Exercise details → Using the listing below, please gather every line containing the word "with".

Exercise materials →
lemma fdiff_pow_below: "r < k \<Longrightarrow> fdiff_pow k r = 0"
proof (induction k arbitrary: r)
  case 0 then show ?case by simp
next
  case (Suc k) then show ?case by (simp add: fdiff_pow_Suc)
qed

lemma fdiff_pow_self: "fdiff_pow k k = fact k"
proof (induction k)
  case 0 then show ?case by (simp add: fdiff_pow_def fdiff_def)
next
  case (Suc k)
  then show ?case by (simp add: fdiff_pow_Suc lessThan_Suc fdiff_pow_below)
qed

lemma fdiff_pow_Suc_self: "fdiff_pow k (Suc k) = fact (Suc k) * of_nat k / 2"
proof (induction k)
  case 0 then show ?case by (simp add: fdiff_pow_def fdiff_def)
next
  case (Suc k)
  have "2 * (Suc (Suc k) choose k) = Suc (Suc k) * Suc k" for k
    by (induction k) (simp_all add: binomial_Suc_n)
  then have "of_nat (Suc (Suc k) choose k) = (of_nat (Suc (Suc k)) * of_nat (Suc k) / 2 :: complex)"
    by (metis (mono_tags, lifting) nonzero_mult_div_cancel_left of_nat_mult of_nat_numeral zero_neq_numeral)
  with Suc show ?case
    by (simp add: fdiff_pow_Suc lessThan_Suc fdiff_pow_below fdiff_pow_self binomial_Suc_n field_simps)
qed
lemma mass_den_bounded_le: "mass (den (Some N) c \<sigma>) \<le> 1"
proof (induction c arbitrary: \<sigma>)
  case (CSample x \<eta>)
  have "mass (den (Some N) (CSample x \<eta>) \<sigma>) \<le> mass (\<lambda>v. ennreal (pmf \<eta> v))"
    by simp (rule mass_sbind_le, simp)
  also have "\<dots> \<le> 1" by (rule mass_pmf_le)
  finally show ?case .
next
  case (CSeq c1 c2)
  have "mass (den (Some N) (CSeq c1 c2) \<sigma>) \<le> mass (den (Some N) c1 \<sigma>)"
    by simp (rule mass_sbind_le, rule CSeq.IH(2))
  also have "\<dots> \<le> 1" by (rule CSeq.IH(1))
  finally show ?case .
next
  case (CWhile e c)
  show ?case
    using mass_loop_unfolding_exit_le[where c = "den (Some N) c", OF CWhile.IH]
    by (simp add: star_sem_def mass_sbind_sassume)
next
  case CIf
  then show ?case by (simp add: mass_splus sbind_sassume)
qed (simp_all add: sassume_def)

lemma mass_sem_le: "terminating c \<Longrightarrow> mass (sem c \<sigma>) \<le> 1"
  unfolding terminating_def by (metis mass_den_bounded_le)

section \<open>Sums of probability atoms over disjoint predicates\<close>

lemma osat_OPlus_OProb_disjoint:
  assumes disj: "\<And>m \<sigma>. subdist m \<Longrightarrow> osat m \<psi> \<Longrightarrow> m \<sigma> \<noteq> 0 \<Longrightarrow> \<not> B \<sigma>"
    and "subdist \<nu>"
  shows "osat \<nu> (OPlus (OProb B r) \<psi>) \<longleftrightarrow>
    0 \<le> r \<and> mass (srestr \<nu> B) = ennreal r \<and> osat (srestr \<nu> (\<lambda>\<sigma>. \<not> B \<sigma>)) \<psi>"
proof
  assume "osat \<nu> (OPlus (OProb B r) \<psi>)"
  then obtain \<nu>1 \<nu>2 where "subdist \<nu>2" and \<nu>: "\<nu> = splus \<nu>1 \<nu>2"
    and \<nu>1: "0 \<le> r" "mass \<nu>1 = ennreal r" "\<forall>\<sigma>. \<nu>1 \<sigma> \<noteq> 0 \<longrightarrow> B \<sigma>" and \<nu>2: "osat \<nu>2 \<psi>"
    by auto
  with disj have "srestr \<nu> B = \<nu>1" and "srestr \<nu> (\<lambda>\<sigma>. \<not> B \<sigma>) = \<nu>2"
    by (fastforce simp: srestr_def splus_def)+
  with \<nu>1 \<nu>2 show "0 \<le> r \<and> mass (srestr \<nu> B) = ennreal r \<and> osat (srestr \<nu> (\<lambda>\<sigma>. \<not> B \<sigma>)) \<psi>"
    by simp
next
  assume "0 \<le> r \<and> mass (srestr \<nu> B) = ennreal r \<and> osat (srestr \<nu> (\<lambda>\<sigma>. \<not> B \<sigma>)) \<psi>"
  moreover have "\<nu> = splus (srestr \<nu> B) (srestr \<nu> (\<lambda>\<sigma>. \<not> B \<sigma>))"
    by (auto simp: srestr_def splus_def)
  moreover have "\<forall>\<sigma>. srestr \<nu> B \<sigma> \<noteq> 0 \<longrightarrow> B \<sigma>"
    by (simp add: srestr_def)
  ultimately show "osat \<nu> (OPlus (OProb B r) \<psi>)"
    unfolding osat.simps using subdist_srestr[OF \<open>subdist \<nu>\<close>]
    by (intro exI[of _ "srestr \<nu> B"] exI[of _ "srestr \<nu> (\<lambda>\<sigma>. \<not> B \<sigma>)"]) simp
qed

Exercise result →
  with Suc show ?case
  with disj have "srestr \<nu> B = \<nu>1" and "srestr \<nu> (\<lambda>\<sigma>. \<not> B \<sigma>) = \<nu>2"
  with \<nu>1 \<nu>2 show "0 \<le> r \<and> mass (srestr \<nu> B) = ennreal r \<and> osat (srestr \<nu> (\<lambda>\<sigma>. \<not> B \<sigma>)) \<psi>"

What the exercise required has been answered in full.